● WORK ORDER
Using the data below, copy out all lines with the word "close".

● Dataset entries
=== Section Start ===

lemma rot_mmul:
  assumes "orth R"
  shows "mmul (rot R X) (rot R Y) = rot R (mmul X Y)"
proof -
  have "mmul (rot R X) (rot R Y) =
      mmul (mmul (mmul (scalar_omat R) X) (mmul (scalar_omat (transpose3 R)) (mmul (scalar_omat R) Y)))
        (scalar_omat (transpose3 R))"
    unfolding rot_def by (simp only: mmul_scalar_omat_assoc_right mmul_scalar_omat_assoc_mid)
  also have "mmul (scalar_omat (transpose3 R)) (mmul (scalar_omat R) Y) = Y"
    by (simp only: mmul_scalar_omat_assoc[symmetric] orth_transpose_mmul[OF assms]
        mmul_scalar_omat_id3_left)
  finally show ?thesis unfolding rot_def by (simp only: mmul_scalar_omat_assoc)
qed

lemma rot_inverse:
  assumes "orth R"
  shows "rot (transpose3 R) (rot R X) = X"
proof -
  have "rot (transpose3 R) (rot R X) =
      mmul (mmul (mmul (scalar_omat (transpose3 R)) (mmul (scalar_omat R) X)) (scalar_omat (transpose3 R)))
        (scalar_omat R)"
    unfolding rot_def transpose3_transpose3 by (simp only: mmul_scalar_omat_assoc_right)
  also have "mmul (scalar_omat (transpose3 R)) (mmul (scalar_omat R) X) = X"
    by (simp only: mmul_scalar_omat_assoc[symmetric] orth_transpose_mmul[OF assms]
        mmul_scalar_omat_id3_left)
  finally show ?thesis
    by (simp only: mmul_scalar_omat_assoc_mid orth_transpose_mmul[OF assms] mmul_scalar_omat_id3_right)
qed

lemma oscale_sum: "oscale s (\<Sum>i\<in>A. f i) = (\<Sum>i\<in>A. oscale s (f i))"
  by (induct A rule: infinite_finite_induct) (simp_all add: oscale_add oscale_zero)

lemma mmul_madd_left: "mmul (madd X Y) Z = madd (mmul X Z) (mmul Y Z)"
  by (simp add: mmul_def madd_def omul_add_left sum.distrib)

lemma mmul_madd_right: "mmul X (madd Y Z) = madd (mmul X Y) (mmul X Z)"
  by (simp add: mmul_def madd_def omul_add_right sum.distrib)

lemma mmul_mscale_left: "mmul (mscale s X) Y = mscale s (mmul X Y)"
  by (simp add: mmul_def mscale_def omul_oscale_left oscale_sum)

lemma mmul_mscale_right: "mmul X (mscale s Y) = mscale s (mmul X Y)"
  by (simp add: mmul_def mscale_def omul_oscale_right oscale_sum)

lemma rot_madd: "rot R (madd X Y) = madd (rot R X) (rot R Y)"
  by (simp add: rot_def mmul_madd_left mmul_madd_right)

lemma rot_mscale: "rot R (mscale s X) = mscale s (rot R X)"
  by (simp add: rot_def mmul_mscale_left mmul_mscale_right)

lemma jordan_eq_mscale_madd: "X \<circ>\<^sub>J Y = mscale (1/2) (madd (mmul X Y) (mmul Y X))"
  by (simp add: jordan_def mscale_def madd_def)

lemma rot_jordan:
  assumes "orth R"
  shows "rot R (X \<circ>\<^sub>J Y) = rot R X \<circ>\<^sub>J rot R Y"
  unfolding jordan_eq_mscale_madd rot_mscale rot_madd rot_mmul[OF assms] ..

lemma rot_herm:
  assumes "herm X"
  shows "herm (rot R X)"
proof -
  obtain a1 a2 a3 x1 x2 x3 where X: "X = hmat a1 a2 a3 x1 x2 x3"
    using assms by (rule herm_cases)
  show ?thesis
    unfolding herm_def X
    by (simp add: rot_def transpose3_def scalar_omat_simps oconj_add oconj_oscale oconj_oconj oconj_ofc
        oscale_ofc ac_simps)
qed

lemma rot_eq_0:
  assumes "orth R" "rot R X = (\<lambda>i j. 0)"
  shows "X = (\<lambda>i j. 0)"
proof -
  have "rot R' (\<lambda>i j. 0) = (\<lambda>i j. 0)" for R'
    by (intro ext) (simp add: rot_def mmul_three omul_zero_left omul_zero_right)
  then show ?thesis using rot_inverse[OF assms(1), of X] assms(2) by simp
qed

lemma rot_mreal:
  assumes "\<And>i j. Im (R i j) = 0" "mreal X"
  shows "mreal (rot R X)"
  using assms unfolding mreal_def rot_def mmul_three scalar_omat_def transpose3_def
  by (intro allI oreal_add oreal_omul oreal_ofc) simp_all

lemma rot_mtr:
  assumes "orth R" "herm X"
  shows "mtr (rot R X) = mtr X"
proof -
  obtain a1 a2 a3 x1 x2 x3 where X: "X = hmat a1 a2 a3 x1 x2 x3"
    using assms(2) by (rule herm_cases)
  have "R 0 i * R 0 j + R 1 i * R 1 j + R 2 i * R 2 j = id3 i j" for i j
    using assms(1) by (simp add: orth_def)
  from this[of 0 0] this[of 0 1] this[of 0 2] this[of 1 1] this[of 1 2] this[of 2 2] show ?thesis
    unfolding X mtr_hmat
    by (simp add: mtr_def sum_UNIV_three rot_def scalar_omat_simps transpose3_def id3_def ore_add
        ore_oscale ore_ofc ore_oconj oinner_def[symmetric]) algebra
qed

lemma jordan_aut_rot:
  assumes "orth R" "\<And>i j. Im (R i j) = 0"
  shows "jordan_aut (rot R)"
  unfolding jordan_aut_def
  using assms rot_herm rot_jordan rot_madd rot_mscale rot_mtr rot_eq_0 rot_mreal by blast

definition givens :: "3 \<Rightarrow> 3 \<Rightarrow> real \<Rightarrow> real \<Rightarrow> 3 \<Rightarrow> 3 \<Rightarrow> complex" where
  "givens p q c s = (\<lambda>i j.
     if i = j then (if i = p \<or> i = q then of_real c else 1)
     else if i = p \<and> j = q then of_real s
     else if i = q \<and> j = p then - of_real s else 0)"

lemma orth_givens:
  assumes "p \<noteq> q" "c * c + s * s = 1"
  shows "orth (givens p q c s)"
proof -
  have cs: "of_real c * of_real c + of_real s * of_real s = (1::complex)"
    using arg_cong[OF assms(2), of complex_of_real] by simp
  show ?thesis
    unfolding orth_def
  proof (intro allI)
    fix i j :: 3
    show "givens p q c s 0 i * givens p q c s 0 j + givens p q c s 1 i * givens p q c s 1 j
        + givens p q c s 2 i * givens p q c s 2 j = id3 i j"
      using assms(1) exhaust_three[of p] exhaust_three[of q] exhaust_three[of i] exhaust_three[of j] cs
      by (auto simp: givens_def id3_def algebra_simps)
  qed
qed

lemma Im_givens: "Im (givens p q c s i j) = 0"
  by (simp add: givens_def)

section \<open>Moving a point of the octonionic projective plane to E11\<close>

lemma idempotent_offdiag_norm:
  fixes a b c p q r :: complex
  assumes "a * a + r + q = a" "b * b + r + p = b" "c * c + q + p = c" "a + b + c = 1"
  shows "r = a * b"
proof -
  have "c = 1 - a - b" using assms(4) by (simp add: algebra_simps)
  have "2 * r - ((a - a * a) + (b - b * b) - (c - c * c)) =
      (a * a + r + q - a) + (b * b + r + p - b) - (c * c + q + p - c)"
    by (simp add: algebra_simps)
  also have "\<dots> = 0" using assms(1-3) by simp
  finally have "2 * r = (a - a * a) + (b - b * b) - (c - c * c)" by simp
  also have "\<dots> = 2 * (a * b)"
    unfolding \<open>c = 1 - a - b\<close> by (simp add: algebra_simps)
  finally show ?thesis by simp
qed

lemma OP2_hmatD:
  assumes "hmat a b c x1 x2 x3 \<in> OP2"
  shows "onorm x3 = a * b" "onorm x2 = a * c" "onorm x1 = b * c" "a + b + c = 1"
    "Im a = 0" "Im b = 0" "Im c = 0" "oreal x1" "oreal x2" "oreal x3"
proof -
  have "hmat a b c x1 x2 x3 \<circ>\<^sub>J hmat a b c x1 x2 x3 = hmat a b c x1 x2 x3"
    and trace: "a + b + c = 1" and real: "mreal (hmat a b c x1 x2 x3)"
    using assms by (auto simp: OP2_def mtr_hmat)
  then have sq: "a * a + onorm x3 + onorm x2 = a" "b * b + onorm x3 + onorm x1 = b"
      "c * c + onorm x2 + onorm x1 = c"
    unfolding jordan_hmat hmat_eq_iff by (simp_all add: onorm_def)
  show "onorm x3 = a * b"
    using sq trace by (rule idempotent_offdiag_norm)
  show "onorm x2 = a * c"
    by (rule idempotent_offdiag_norm[where b = c and c = b and q = "onorm x3" and p = "onorm x1"])
      (use sq trace in \<open>simp_all add: ac_simps\<close>)
  show "onorm x1 = b * c"
    by (rule idempotent_offdiag_norm[where a = b and b = c and c = a and q = "onorm x3" and p = "onorm x2"])
      (use sq trace in \<open>simp_all add: ac_simps\<close>)
  show "a + b + c = 1" by (fact trace)
  show "Im a = 0" "Im b = 0" "Im c = 0" "oreal x1" "oreal x2" "oreal x3"
    using real by (simp_all add: mreal_hmat_iff)
qed

lemma nonneg_if_row_products_nonneg:
  fixes a b c :: real
  assumes "a + b + c = 1" "0 \<le> a * b" "0 \<le> a * c"
  shows "0 \<le> a"
proof -
  have "a = a * (a + b + c)" using assms(1) by simp
  also have "\<dots> = a * a + a * b + a * c" by (simp add: distrib_left)
  finally show ?thesis using assms(2,3) zero_le_square[of a] by linarith
qed

lemma OP2_hmat_diag_nonneg:
  assumes "hmat a b c x1 x2 x3 \<in> OP2"
  shows "0 \<le> Re a" "0 \<le> Re b" "0 \<le> Re c"
proof -
  note P = OP2_hmatD[OF assms]
  have "0 \<le> Re (onorm x1)" "0 \<le> Re (onorm x2)" "0 \<le> Re (onorm x3)"
    using P(8-10) oreal_onorm by blast+
  then have "0 \<le> Re a * Re b" "0 \<le> Re a * Re c" "0 \<le> Re b * Re c"
    using P(1-3,5-7) by simp_all
  moreover have "Re a + Re b + Re c = 1"
    using arg_cong[OF P(4), of Re] by simp
  ultimately show "0 \<le> Re a" "0 \<le> Re b" "0 \<le> Re c"
    using nonneg_if_row_products_nonneg[of "Re a" "Re b" "Re c"]
      nonneg_if_row_products_nonneg[of "Re b" "Re a" "Re c"]
      nonneg_if_row_products_nonneg[of "Re c" "Re a" "Re b"]
    by (simp_all add: ac_simps)
qed

lemma OP2_hmat_zero_diag:
  assumes "hmat a 0 c x1 x2 x3 \<in> OP2"
  shows "x1 = 0" "x3 = 0"
  using OP2_hmatD[OF assms] oreal_onorm_eq_0 by simp_all

abbreviation E11 :: omat where
  "E11 \<equiv> hmat 1 0 0 0 0 0"

lemma OP2_hmat_E11:
  assumes "hmat a 0 0 x1 x2 x3 \<in> OP2"
  shows "hmat a 0 0 x1 x2 x3 = E11"
  using OP2_hmatD[OF assms] oreal_onorm_eq_0 by (simp add: hmat_eq_iff)

lemma oreal_unit_multiple:
  assumes "oreal x"
  obtains u t where "onorm u = 1" "oreal u" "omul x u = ofc (of_real t)" "0 \<le> t"
proof (cases "x = 0")
  case True
  have "onorm (ofc 1) = 1" "oreal (ofc 1)" "omul x (ofc 1) = ofc (of_real 0)"
    by (simp_all add: True onorm_ofc oreal_ofc omul_zero_left ofc_zero)
  then show ?thesis using that by fastforce
next
  case False
  have "Im (onorm x) = 0" "0 \<le> Re (onorm x)" "onorm x \<noteq> 0"
    using oreal_onorm[OF assms] oreal_onorm_eq_0[OF assms] False by auto
  then obtain t where t: "0 < t" "onorm x = of_real (t * t)"
    by (intro that[of "sqrt (Re (onorm x))"]) (auto simp: complex_eq_iff)
  define u where "u = oscale (of_real (1 / t)) (oconj x)"
  have "onorm u = 1"
    using t by (simp add: u_def onorm_oscale onorm_oconj field_simps)
  moreover have "oreal u"
    unfolding u_def by (intro oreal_oscale oreal_oconj assms) simp
  moreover have "omul x u = ofc (of_real t)"
    using t by (simp add: u_def omul_oscale_right omul_oconj_self oscale_ofc field_simps)
  ultimately show ?thesis using that t(1) by simp
qed

text \<open>Rotating the singular block [[a, t], [t, b]] by the angle (c, s) makes its second diagonal
  entry vanish.\<close>
lemma rotation_angle_exists:
  fixes a b t :: real
  assumes "0 \<le> a" "0 \<le> b" "0 \<le> t" "t * t = a * b"
  obtains c s where "c * c + s * s = 1" "s * s * a - 2 * s * c * t + c * c * b = 0"
proof (cases "a + b = 0")
  case True
  then have "a = 0" "b = 0" using assms(1,2) by auto
  then show ?thesis using that[of 1 0] by simp
next
  case False
  then have pos: "0 < a + b" using assms by simp
  define c where "c = sqrt (a / (a + b))"
  define s where "s = sqrt (b / (a + b))"
  have cc: "c * c = a / (a + b)" and ss: "s * s = b / (a + b)"
    using assms pos by (simp_all add: c_def s_def)
  have "s * c = sqrt (a * b) / (a + b)"
    using pos by (simp add: c_def s_def real_sqrt_mult[symmetric] real_sqrt_divide mult.commute)
  also have "sqrt (a * b) = t"
    using assms(3,4) by (metis real_sqrt_abs abs_of_nonneg power2_eq_square)
  finally have sc: "s * c = t / (a + b)" .
  have "c * c + s * s = 1"
    using pos by (simp add: cc ss add_divide_distrib[symmetric])
  moreover have "s * s * a - 2 * (s * c) * t + c * c * b = (b * a - 2 * (t * t) + a * b) / (a + b)"
    unfolding cc ss sc by (simp add: diff_divide_distrib add_divide_distrib)
  moreover have "b * a - 2 * (t * t) + a * b = 0"
    using assms(4) by simp
  ultimately show ?thesis using that by (simp add: mult.assoc)
qed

=== Section End ===

● SOLUTION TO THE PROBLEM
section \<open>Moving a point of the octonionic projective plane to E11\<close>
    unfolding \<open>c = 1 - a - b\<close> by (simp add: algebra_simps)
      (use sq trace in \<open>simp_all add: ac_simps\<close>)
      (use sq trace in \<open>simp_all add: ac_simps\<close>)
  entry vanish.\<close>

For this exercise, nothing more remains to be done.